За сорок дней Наталья и Федор немного свыклись с потерей, приняли ее и учились жить заново. Наталья собрала всю одежду и прочие вещи Сашки и отнесла их в храм, откуда их должны были передать нуждающимся. Федор, отремонтировав мотоцикл Саши, подарил его сыну своего друга.

— Пусть он послужит тебе так, как служил Сашке, — напутствовал Федор, передавая технику, — вспоминай его, когда будешь кататься.

Одна лишь Люся не могла смириться с тем, что произошло и продолжала винить себя в смерти брата. Тоска ее была такой черной, что Люся перестала видеть краски мира: для нее все было выкрашено в какой-то тусклый серый цвет, словно жизнь ее превратилась в старое черно-белое кино. Люся планировала отчаянный шаг, грезила о нем, думала ежесекундно. Она отвергала жизнь ее радости и заботы. Костлявая тянула к ней свои руки, и Люся была готова броситься в ее объятия.

***

Люся твердо решила: в свой восемнадцатый день рождения она уйдет из жизни. Едва только этот самый день наступил, Люся тайком пробралась на кухню и стащила оттуда аптечку. Наталья после смерти Саши мучалась от бессонницы и головных болей, так что знакомый врач прописал ей сильное снотворное. Люся намеревалась воспользоваться им, для того, чтобы уснуть и не проснуться, хватило бы и пяти таблеток. Для усиления эффекта Люся хотела запить их алкоголем и потому прихватила еще бутылку отцовской «заначки».

Все было готово. Устроившись на окне, Люся высыпала из пузырька таблетки и некоторое время любовалась ими, словно драгоценными камнями. Потом сделала небольшой глоток из бутылки. Она впервые пила крепкое спиртное, и оно больно обожгло ей гортань. Тянуть было нельзя, день рождения уже час как наступил. Ровно шестьдесят минут она была совершеннолетней.

— Что ты делаешь? — вдруг послышался тихий голос, — зачем тебе это? Брось! Оставь!

Люся от неожиданности и испуга едва не выронила бутылку. Перед ней, совсем рядом, так, что можно было протянуть руку и коснуться, стоял ее брат, Саша. Он казался живым, но от бледной кожи его исходило таинственное свечение. Люся не могла поверить своим глазам.

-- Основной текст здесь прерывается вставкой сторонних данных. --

(* Let $\rho$ be a representation of $D^{2,2,2}$ and let $\{i,j,k\}=\{1,2,3\}$. 1. Suppose $a,b\in D^{2,2,2}$ satisfy one of the following: (i) $x_i+x_jx_k\subseteq a$; (ii) $x_i+x_jx_k\subseteq b$; (iii) $x_i\subseteq a$ and $x_jx_k\subseteq b$; (iv) $x_i\subseteq b$ and $x_jx_k\subseteq a$. Then $\psi_i(ab)=\psi_i(a)\cap\psi_i(b)$ (and $\psi_i(a+b)=\psi_i(a)+\psi_i(b)$). 2. For every $n\ge 0$ and every $b\in D^{2,2,2}$: $$\psi_i(ba^{ij}_n)=\psi_i(b)\cap\psi_i(a^{ij}_n),\qquad \psi_j(ba^{ij}_n)=\psi_j(b)\cap\psi_j(a^{ij}_n),\qquad \psi_i(bA^{ij}_n)=\psi_i(b)\cap\psi_i(A^{ij}_n).$$ 3. For every $b\in D^{2,2,2}$, $\psi_i(b+x_i)=\psi_i(b)$.
   Context: $D^{2,2,2}$ is the modular lattice generated by $x_1,y_1,x_2,y_2,x_3,y_3$ subject only to $x_i\subseteq y_i$ ($i=1,2,3$), with a greatest element $I$ adjoined. Meet is written $ab$, join $a+b$. Atomic elements: for distinct $i,j$, let $k$ denote the third index. Define - $a^{ij}_0=I$ and $a^{ij}_n=x_i+y_ja^{jk}_{n-1}$ for $n\ge1$; - $A^{ij}_0=I$ and $A^{ij}_n=y_i+x_jA^{ki}_{n-1}$ for $n\ge1$. A representation $\rho$ of $D^{2,2,2}$ in a finite-dimensional vector space $X_0$ is a lattice morphism from $D^{2,2,2}$ to the subspace lattice of $X_0$, with $\rho(I)=X_0$. Write $X_i=\rho(x_i)\subseteq Y_i=\rho(y_i)$. Put $R=Y_1\oplus Y_2\oplus Y_3$ and $X^1_0=\{(\eta_1,\eta_2,\eta_3)\in R:\sum\eta_i=0\}$. Define subspaces of $R$: - $G_i$: triples with $i$-th coordinate in $Y_i$ and the others $0$; - $G'_i$: triples with $i$-th coordinate in $X_i$; - $H'_i$: triples with $i$-th coordinate $0$. $\Phi^+\rho$ is the representation in $X^1_0$ with $\Phi^+\rho(y_i)=G'_i\cap X^1_0$, $\Phi^+\rho(x_i)=H'_i\cap X^1_0$, $\Phi^+\rho(I)=X^1_0$. Set $\nu^1(a)=\Phi^+\rho(a)\subseteq R$. The joint map is $\psi_i(a)=X^1_0+G_i\cap(H'_i+\nu^1(a))$. *)

theory Defs
  imports Complex_Main "HOL-Library.Function_Algebras"
begin

datatype ix = i1 | i2 | i3

fun third :: "ix \<Rightarrow> ix \<Rightarrow> ix" where
  "third i1 i2 = i3" | "third i2 i1 = i3"
| "third i1 i3 = i2" | "third i3 i1 = i2"
| "third i2 i3 = i1" | "third i3 i2 = i1"
| "third i j = i"

text \<open>Lattice terms over the generators x_i, y_i and the adjoined top I.
  Meet is written ab in the paper, join a+b.\<close>
datatype lterm = Xg ix | Yg ix | Top | Meet lterm lterm | Join lterm lterm

text \<open>Its quotient is the free modular lattice with top
  generated by x_i \<le> y_i.\<close>
inductive leD :: "lterm \<Rightarrow> lterm \<Rightarrow> bool" where
  leD_refl: "leD a a"
| leD_trans: "leD a b \<Longrightarrow> leD b c \<Longrightarrow> leD a c"
| leD_meet1: "leD (Meet a b) a"
| leD_meet2: "leD (Meet a b) b"
| leD_meet_glb: "leD c a \<Longrightarrow> leD c b \<Longrightarrow> leD c (Meet a b)"
| leD_join1: "leD a (Join a b)"
| leD_join2: "leD b (Join a b)"
| leD_join_lub: "leD a c \<Longrightarrow> leD b c \<Longrightarrow> leD (Join a b) c"
| leD_top: "leD a Top"
| leD_gen: "leD (Xg i) (Yg i)"
| leD_modular: "leD a c \<Longrightarrow> leD (Meet (Join a b) c) (Join a (Meet b c))"

fun a_el :: "ix \<Rightarrow> ix \<Rightarrow> nat \<Rightarrow> lterm" where
  "a_el i j 0 = Top"
| "a_el i j (Suc n) = Join (Xg i) (Meet (Yg j) (a_el j (third i j) n))"

fun A_el :: "ix \<Rightarrow> ix \<Rightarrow> nat \<Rightarrow> lterm" where
  "A_el i j 0 = Top"
| "A_el i j (Suc n) = Join (Yg i) (Meet (Xg j) (A_el (third i j) i n))"

definition ssum :: "'a::plus set \<Rightarrow> 'a set \<Rightarrow> 'a set" where
  "ssum A B = {a + b | a b. a \<in> A \<and> b \<in> B}"

text \<open>A representation (lattice morphism from the free lattice) is determined by
  the images of the generators and of I: it is term evaluation.\<close>
fun eval :: "'a::plus set \<Rightarrow> (ix \<Rightarrow> 'a set) \<Rightarrow> (ix \<Rightarrow> 'a set) \<Rightarrow> lterm \<Rightarrow> 'a set" where
  "eval T X Y (Xg i) = X i"
| "eval T X Y (Yg i) = Y i"
| "eval T X Y Top = T"
| "eval T X Y (Meet a b) = eval T X Y a \<inter> eval T X Y b"
| "eval T X Y (Join a b) = ssum (eval T X Y a) (eval T X Y b)"

text \<open>Triples (eta_1, eta_2, eta_3) are functions ix \<Rightarrow> 'v.\<close>
definition Rsp :: "(ix \<Rightarrow> 'v::ab_group_add set) \<Rightarrow> (ix \<Rightarrow> 'v) set" where
  "Rsp Y = {\<eta>. \<forall>t. \<eta> t \<in> Y t}"

definition X10 :: "(ix \<Rightarrow> 'v::ab_group_add set) \<Rightarrow> (ix \<Rightarrow> 'v) set" where
  "X10 Y = {\<eta> \<in> Rsp Y. \<eta> i1 + \<eta> i2 + \<eta> i3 = 0}"

definition Gsp :: "(ix \<Rightarrow> 'v::ab_group_add set) \<Rightarrow> ix \<Rightarrow> (ix \<Rightarrow> 'v) set" where
  "Gsp Y i = {\<eta>. \<eta> i \<in> Y i \<and> (\<forall>t. t \<noteq> i \<longrightarrow> \<eta> t = 0)}"

definition G'sp :: "(ix \<Rightarrow> 'v::ab_group_add set) \<Rightarrow> (ix \<Rightarrow> 'v set) \<Rightarrow> ix \<Rightarrow> (ix \<Rightarrow> 'v) set" where
  "G'sp X Y i = {\<eta> \<in> Rsp Y. \<eta> i \<in> X i}"

definition H'sp :: "(ix \<Rightarrow> 'v::ab_group_add set) \<Rightarrow> ix \<Rightarrow> (ix \<Rightarrow> 'v) set" where
  "H'sp Y i = {\<eta> \<in> Rsp Y. \<eta> i = 0}"

definition nu1 :: "(ix \<Rightarrow> 'v::ab_group_add set) \<Rightarrow> (ix \<Rightarrow> 'v set) \<Rightarrow> lterm \<Rightarrow> (ix \<Rightarrow> 'v) set" where
  "nu1 X Y a = eval (X10 Y) (\<lambda>i. H'sp Y i \<inter> X10 Y) (\<lambda>i. G'sp X Y i \<inter> X10 Y) a"

definition psi :: "(ix \<Rightarrow> 'v::ab_group_add set) \<Rightarrow> (ix \<Rightarrow> 'v set) \<Rightarrow> ix \<Rightarrow> lterm \<Rightarrow> (ix \<Rightarrow> 'v) set" where
  "psi X Y i a = ssum (X10 Y) (Gsp Y i \<inter> ssum (H'sp Y i) (nu1 X Y a))"

end

theory Submission
  imports Defs
begin

text \<open>Write \<sigma> for the coordinate sum on R and \<pi>_i for the i-th projection. Unfolding the
  definition, \<psi>_i(a) consists of the \<eta> \<in> R with \<sigma> \<eta> \<in> \<pi>_i(\<nu>^1(a)). Both maps are additive,
  so \<psi>_i preserves joins. The kernel of \<pi>_i on X^1_0 is exactly \<nu>^1(x_i); hence \<pi>_i
  commutes with meets as soon as one of the two elements lies above x_i, and joining x_i
  does not change \<pi>_i(\<nu>^1(b)). The atomic elements a^ij_n, A^ij_n all lie above x_i
  (and a^ij_n above x_j).\<close>

definition add_subgroup :: "'a::ab_group_add set \<Rightarrow> bool" where
  "add_subgroup S \<longleftrightarrow> 0 \<in> S \<and> (\<forall>x\<in>S. \<forall>y\<in>S. x - y \<in> S)"

lemma add_subgroup_0: "add_subgroup S \<Longrightarrow> 0 \<in> S"
  by (simp add: add_subgroup_def)

lemma add_subgroup_diff: "add_subgroup S \<Longrightarrow> x \<in> S \<Longrightarrow> y \<in> S \<Longrightarrow> x - y \<in> S"
  by (simp add: add_subgroup_def)

lemma add_subgroup_add:
  assumes "add_subgroup S" "x \<in> S" "y \<in> S"
  shows "x + y \<in> S"
  using add_subgroup_diff[OF assms(1,2) add_subgroup_diff[OF assms(1) add_subgroup_0[OF assms(1)] assms(3)]]
  by simp

lemma add_subgroup_Int: "add_subgroup A \<Longrightarrow> add_subgroup B \<Longrightarrow> add_subgroup (A \<inter> B)"
  by (simp add: add_subgroup_def)

lemma ssumI: "a \<in> A \<Longrightarrow> b \<in> B \<Longrightarrow> x = a + b \<Longrightarrow> x \<in> ssum A B"
  unfolding ssum_def by blast

lemma ssumE:
  assumes "x \<in> ssum A B"
  obtains a b where "x = a + b" "a \<in> A" "b \<in> B"
  using assms unfolding ssum_def by blast

lemma add_subgroup_ssum:
  assumes "add_subgroup A" "add_subgroup B"
  shows "add_subgroup (ssum A B)"
  unfolding add_subgroup_def
proof (intro conjI ballI)
  show "0 \<in> ssum A B"
    using assms by (intro ssumI[of 0 A 0 B]) (simp_all add: add_subgroup_0)
  fix x y assume "x \<in> ssum A B" "y \<in> ssum A B"
  obtain a b where "x = a + b" "a \<in> A" "b \<in> B"
    using \<open>x \<in> ssum A B\<close> by (rule ssumE)
  moreover obtain a' b' where "y = a' + b'" "a' \<in> A" "b' \<in> B"
    using \<open>y \<in> ssum A B\<close> by (rule ssumE)
  ultimately show "x - y \<in> ssum A B"
    using assms by (intro ssumI[of "a - a'" A "b - b'" B]) (simp_all add: add_subgroup_diff)
qed

lemma ssum_upper1:
  fixes A B :: "'a::monoid_add set"
  assumes "0 \<in> B"
  shows "A \<subseteq> ssum A B"
proof
  fix a assume "a \<in> A"
  then show "a \<in> ssum A B"
    using assms by (intro ssumI[of a A 0 B]) simp_all
qed

lemma ssum_upper2:
  fixes A B :: "'a::monoid_add set"
  assumes "0 \<in> A"
  shows "B \<subseteq> ssum A B"
proof
  fix b assume "b \<in> B"
  then show "b \<in> ssum A B"
    using assms by (intro ssumI[of 0 A b B]) simp_all
qed

lemma ssum_zero_right: "ssum A {0} = (A :: 'a::monoid_add set)"
  by (auto simp: ssum_def)

lemma ssum_least:
  assumes "add_subgroup C" "A \<subseteq> C" "B \<subseteq> C"
  shows "ssum A B \<subseteq> C"
proof
  fix x assume "x \<in> ssum A B"
  then obtain a b where "x = a + b" "a \<in> A" "b \<in> B"
    by (rule ssumE)
  then show "x \<in> C"
    using assms add_subgroup_add by blast
qed

lemma ssum_Int_modular:
  assumes "add_subgroup C" "A \<subseteq> C"
  shows "ssum A B \<inter> C \<subseteq> ssum A (B \<inter> C)"
proof
  fix x assume x: "x \<in> ssum A B \<inter> C"
  then obtain a b where ab: "x = a + b" "a \<in> A" "b \<in> B"
    by (blast elim: ssumE)
  have "x - a \<in> C"
    using x ab(2) assms by (blast intro: add_subgroup_diff)
  then have "b \<in> C"
    using ab(1) by (simp add: algebra_simps)
  with ab show "x \<in> ssum A (B \<inter> C)"
    by (blast intro: ssumI)
qed

locale subgroup_representation =
  fixes T :: "'v::ab_group_add set" and X Y :: "ix \<Rightarrow> 'v set"
  assumes add_subgroup_T: "add_subgroup T"
    and add_subgroup_X: "add_subgroup (X i)"
    and add_subgroup_Y: "add_subgroup (Y i)"
    and X_le_Y: "X i \<subseteq> Y i"
    and Y_le_T: "Y i \<subseteq> T"
begin

lemma add_subgroup_eval: "add_subgroup (eval T X Y a)"
  by (induction a)
    (simp_all add: add_subgroup_Int add_subgroup_ssum add_subgroup_T add_subgroup_X add_subgroup_Y)

lemma eval_le_T: "eval T X Y a \<subseteq> T"
proof (induction a)
  case (Xg i)
  show ?case using X_le_Y[of i] Y_le_T[of i] by simp
next
  case (Join a b)
  then show ?case by (simp add: ssum_least add_subgroup_T)
qed (use Y_le_T in auto)

lemma eval_mono: "leD a b \<Longrightarrow> eval T X Y a \<subseteq> eval T X Y b"
proof (induction rule: leD.induct)
  case (leD_join1 a b)
  show ?case by (simp add: ssum_upper1 add_subgroup_0 add_subgroup_eval)
next
  case (leD_join2 b a)
  show ?case by (simp add: ssum_upper2 add_subgroup_0 add_subgroup_eval)
next
  case (leD_join_lub a c b)
  then show ?case by (simp add: ssum_least add_subgroup_eval)
next
  case (leD_modular a c b)
  then show ?case by (simp add: ssum_Int_modular add_subgroup_eval)
qed (use eval_le_T X_le_Y in auto)

end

Поначалу Люся подумала, что от крошечного глотка крепкого спиртного она опьянела. Девушка зажмурилась, посчитала до десяти и вновь открыла глаза. Брат стоял на том же месте. Люсе стало страшно, впервые за всю жизнь она испытывала такой животный, наверное, ужас. Сашка не исчезал, он стоял и в упор смотрел на сестру.

— Если ты сделаешь это, мы никогда не встретимся, — сказал Саша, кивком головы указав на таблетки и бутылку, — мы окажемся в разных местах, и я ничем не смогу тебе помочь.

— Как ты... оказался здесь? — наконец выдавила из себя Люся, — ведь ты умер!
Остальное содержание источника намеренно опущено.